• _What to produce_: Exact copies of all the records are to be output.

[Extracted records]
★ ★ ★ ★ ★

text \<open>Arity of a tree = number of leaves.\<close>
fun leaves :: "'a tree \<Rightarrow> nat" where
  "leaves Leaf = 1"
| "leaves (Node a ts) = sum_list (map leaves ts)"

text \<open>Number of non-first leaves: leaves whose address contains no letter 1.\<close>
fun nf :: "'a tree \<Rightarrow> nat" where
  "nf Leaf = 1"
| "nf (Node a []) = 0"
| "nf (Node a (t # ts)) = sum_list (map nf ts)"

text \<open>graft ar t i a = t \<circ>_(i+1) a : replace the leaf with 0-based index i (from the left)
  by a node labelled a with ar a leaves.\<close>
fun graft :: "('a \<Rightarrow> nat) \<Rightarrow> 'a tree \<Rightarrow> nat \<Rightarrow> 'a \<Rightarrow> 'a tree"
and graft_list :: "('a \<Rightarrow> nat) \<Rightarrow> 'a tree list \<Rightarrow> nat \<Rightarrow> 'a \<Rightarrow> 'a tree list" where
  "graft ar Leaf i a = (if i = 0 then Node a (replicate (ar a) Leaf) else Leaf)"
| "graft ar (Node b ts) i a = Node b (graft_list ar ts i a)"
| "graft_list ar [] i a = []"
| "graft_list ar (t # ts) i a =
     (if i < leaves t then graft ar t i a # ts else t # graft_list ar ts (i - leaves t) a)"

text \<open>The map U on a basis tree, as a multiset of trees (coefficients are multiplicities).\<close>
definition U_tree :: "'a set \<Rightarrow> ('a \<Rightarrow> nat) \<Rightarrow> 'a tree \<Rightarrow> 'a tree multiset" where
  "U_tree G ar t = (\<Sum>a\<in>G. \<Sum>i<leaves t. {# graft ar t i a #})"

text \<open>The map V-star on a basis tree. Children positions 2..|a| are the 0-based list
  indices 1..<length ts.\<close>
function Vstar_tree :: "'a tree \<Rightarrow> 'a tree multiset" where
  "Vstar_tree Leaf = {#}"
| "Vstar_tree (Node a ts) =
     (if ts = [] then {#}
      else if (\<forall>s\<in>set (tl ts). s = Leaf) then {# hd ts #}
      else (\<Sum>j\<in>{1..<length ts}. image_mset (\<lambda>s'. Node a (ts[j := s'])) (Vstar_tree (ts ! j))))"
  by pat_completeness auto
termination
  by (relation "measure size") (auto intro: size_list_estimation' nth_mem simp: less_Suc_eq_le)

text \<open>Vectors of the free K-module on trees: coefficient functions (of finite support).
  Linear extension of a map given on basis trees by a multiset of trees.\<close>
definition lin :: "('a tree \<Rightarrow> 'a tree multiset) \<Rightarrow> ('a tree \<Rightarrow> 'k::comm_ring_1) \<Rightarrow> ('a tree \<Rightarrow> 'k)" where
  "lin f v = (\<lambda>s. \<Sum>t\<in>{t. v t \<noteq> 0}. v t * of_nat (count (f t) s))"

definition phi_tree :: "'a set \<Rightarrow> 'a tree \<Rightarrow> 'a tree multiset" where
  "phi_tree G t = replicate_mset (card G * nf t) t"

end

(* On a node Node a ts both maps act through one child at a time: U grafts a letter into any
   child, and, as long as some child other than the first is not a leaf, V* prunes inside one of
   the children 2..|a|.  Updates at distinct children commute, so the commutator V*U - UV* at
   such a node is the sum of the commutators at the children 2..|a|, which by induction give
   (#G) nf(t_j) t; these add up to (#G) nf(t) t because nf(t) is the sum of the nf(t_j), j >= 2.
   If all children but the first are leaves, V* returns the first child t_1 instead, and
   V*U(t) = U(t_1) + (#G) m t: the extra terms come from grafting a letter at one of the
   m = nf(t) non-first leaves and pruning it again.  At the leaf, U creates the #G corollas,
   and V* sends each of them back to the leaf. *)

theory Submission
  imports Defs
begin

lemma image_mset_sum: "image_mset h (\<Sum>j\<in>J. M j) = (\<Sum>j\<in>J. image_mset h (M j))"
  by (induction J rule: infinite_finite_induct) simp_all

lemma image_mset_sum_mset: "image_mset h (\<Sum>x\<in>#M. f x) = (\<Sum>x\<in>#M. image_mset h (f x))"
  by (induction M) simp_all

lemma sum_mset_sum: "(\<Sum>x\<in>#(\<Sum>j\<in>J. M j). f x) = (\<Sum>j\<in>J. \<Sum>x\<in>#M j. f x)"
  by (induction J rule: infinite_finite_induct) simp_all

lemma sum_mset_sum_commute: "(\<Sum>x\<in>#M. \<Sum>j\<in>J. f x j) = (\<Sum>j\<in>J. \<Sum>x\<in>#M. f x j)"
  by (induction M) (simp_all add: sum.distrib)

lemma replicate_mset_add: "replicate_mset (m + n) x = replicate_mset m x + replicate_mset n x"
  by (induction m) simp_all

lemma sum_replicate_mset: "(\<Sum>i\<in>A. replicate_mset (f i) x) = replicate_mset (\<Sum>i\<in>A. f i) x"
  by (induction A rule: infinite_finite_induct) (simp_all add: replicate_mset_add)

★ ★ ★ ★ ★

• _Result of the task_:
text \<open>Arity of a tree = number of leaves.\<close>
fun leaves :: "'a tree \<Rightarrow> nat" where
  "leaves Leaf = 1"
| "leaves (Node a ts) = sum_list (map leaves ts)"

text \<open>Number of non-first leaves: leaves whose address contains no letter 1.\<close>
fun nf :: "'a tree \<Rightarrow> nat" where
  "nf Leaf = 1"
| "nf (Node a []) = 0"
| "nf (Node a (t # ts)) = sum_list (map nf ts)"

text \<open>graft ar t i a = t \<circ>_(i+1) a : replace the leaf with 0-based index i (from the left)
  by a node labelled a with ar a leaves.\<close>
fun graft :: "('a \<Rightarrow> nat) \<Rightarrow> 'a tree \<Rightarrow> nat \<Rightarrow> 'a \<Rightarrow> 'a tree"
and graft_list :: "('a \<Rightarrow> nat) \<Rightarrow> 'a tree list \<Rightarrow> nat \<Rightarrow> 'a \<Rightarrow> 'a tree list" where
  "graft ar Leaf i a = (if i = 0 then Node a (replicate (ar a) Leaf) else Leaf)"
| "graft ar (Node b ts) i a = Node b (graft_list ar ts i a)"
| "graft_list ar [] i a = []"
| "graft_list ar (t # ts) i a =
     (if i < leaves t then graft ar t i a # ts else t # graft_list ar ts (i - leaves t) a)"

text \<open>The map U on a basis tree, as a multiset of trees (coefficients are multiplicities).\<close>
definition U_tree :: "'a set \<Rightarrow> ('a \<Rightarrow> nat) \<Rightarrow> 'a tree \<Rightarrow> 'a tree multiset" where
  "U_tree G ar t = (\<Sum>a\<in>G. \<Sum>i<leaves t. {# graft ar t i a #})"

text \<open>The map V-star on a basis tree. Children positions 2..|a| are the 0-based list
  indices 1..<length ts.\<close>
function Vstar_tree :: "'a tree \<Rightarrow> 'a tree multiset" where
  "Vstar_tree Leaf = {#}"
| "Vstar_tree (Node a ts) =
     (if ts = [] then {#}
      else if (\<forall>s\<in>set (tl ts). s = Leaf) then {# hd ts #}
      else (\<Sum>j\<in>{1..<length ts}. image_mset (\<lambda>s'. Node a (ts[j := s'])) (Vstar_tree (ts ! j))))"
  by pat_completeness auto
termination
  by (relation "measure size") (auto intro: size_list_estimation' nth_mem simp: less_Suc_eq_le)

text \<open>Vectors of the free K-module on trees: coefficient functions (of finite support).
  Linear extension of a map given on basis trees by a multiset of trees.\<close>
definition lin :: "('a tree \<Rightarrow> 'a tree multiset) \<Rightarrow> ('a tree \<Rightarrow> 'k::comm_ring_1) \<Rightarrow> ('a tree \<Rightarrow> 'k)" where
  "lin f v = (\<lambda>s. \<Sum>t\<in>{t. v t \<noteq> 0}. v t * of_nat (count (f t) s))"

definition phi_tree :: "'a set \<Rightarrow> 'a tree \<Rightarrow> 'a tree multiset" where
  "phi_tree G t = replicate_mset (card G * nf t) t"

end

(* On a node Node a ts both maps act through one child at a time: U grafts a letter into any
   child, and, as long as some child other than the first is not a leaf, V* prunes inside one of
   the children 2..|a|.  Updates at distinct children commute, so the commutator V*U - UV* at
   such a node is the sum of the commutators at the children 2..|a|, which by induction give
   (#G) nf(t_j) t; these add up to (#G) nf(t) t because nf(t) is the sum of the nf(t_j), j >= 2.
   If all children but the first are leaves, V* returns the first child t_1 instead, and
   V*U(t) = U(t_1) + (#G) m t: the extra terms come from grafting a letter at one of the
   m = nf(t) non-first leaves and pruning it again.  At the leaf, U creates the #G corollas,
   and V* sends each of them back to the leaf. *)

theory Submission
  imports Defs
begin

lemma image_mset_sum: "image_mset h (\<Sum>j\<in>J. M j) = (\<Sum>j\<in>J. image_mset h (M j))"
  by (induction J rule: infinite_finite_induct) simp_all

lemma image_mset_sum_mset: "image_mset h (\<Sum>x\<in>#M. f x) = (\<Sum>x\<in>#M. image_mset h (f x))"
  by (induction M) simp_all

lemma sum_mset_sum: "(\<Sum>x\<in>#(\<Sum>j\<in>J. M j). f x) = (\<Sum>j\<in>J. \<Sum>x\<in>#M j. f x)"
  by (induction J rule: infinite_finite_induct) simp_all

lemma sum_mset_sum_commute: "(\<Sum>x\<in>#M. \<Sum>j\<in>J. f x j) = (\<Sum>j\<in>J. \<Sum>x\<in>#M. f x j)"
  by (induction M) (simp_all add: sum.distrib)

lemma replicate_mset_add: "replicate_mset (m + n) x = replicate_mset m x + replicate_mset n x"
  by (induction m) simp_all

lemma sum_replicate_mset: "(\<Sum>i\<in>A. replicate_mset (f i) x) = replicate_mset (\<Sum>i\<in>A. f i) x"
  by (induction A rule: infinite_finite_induct) (simp_all add: replicate_mset_add)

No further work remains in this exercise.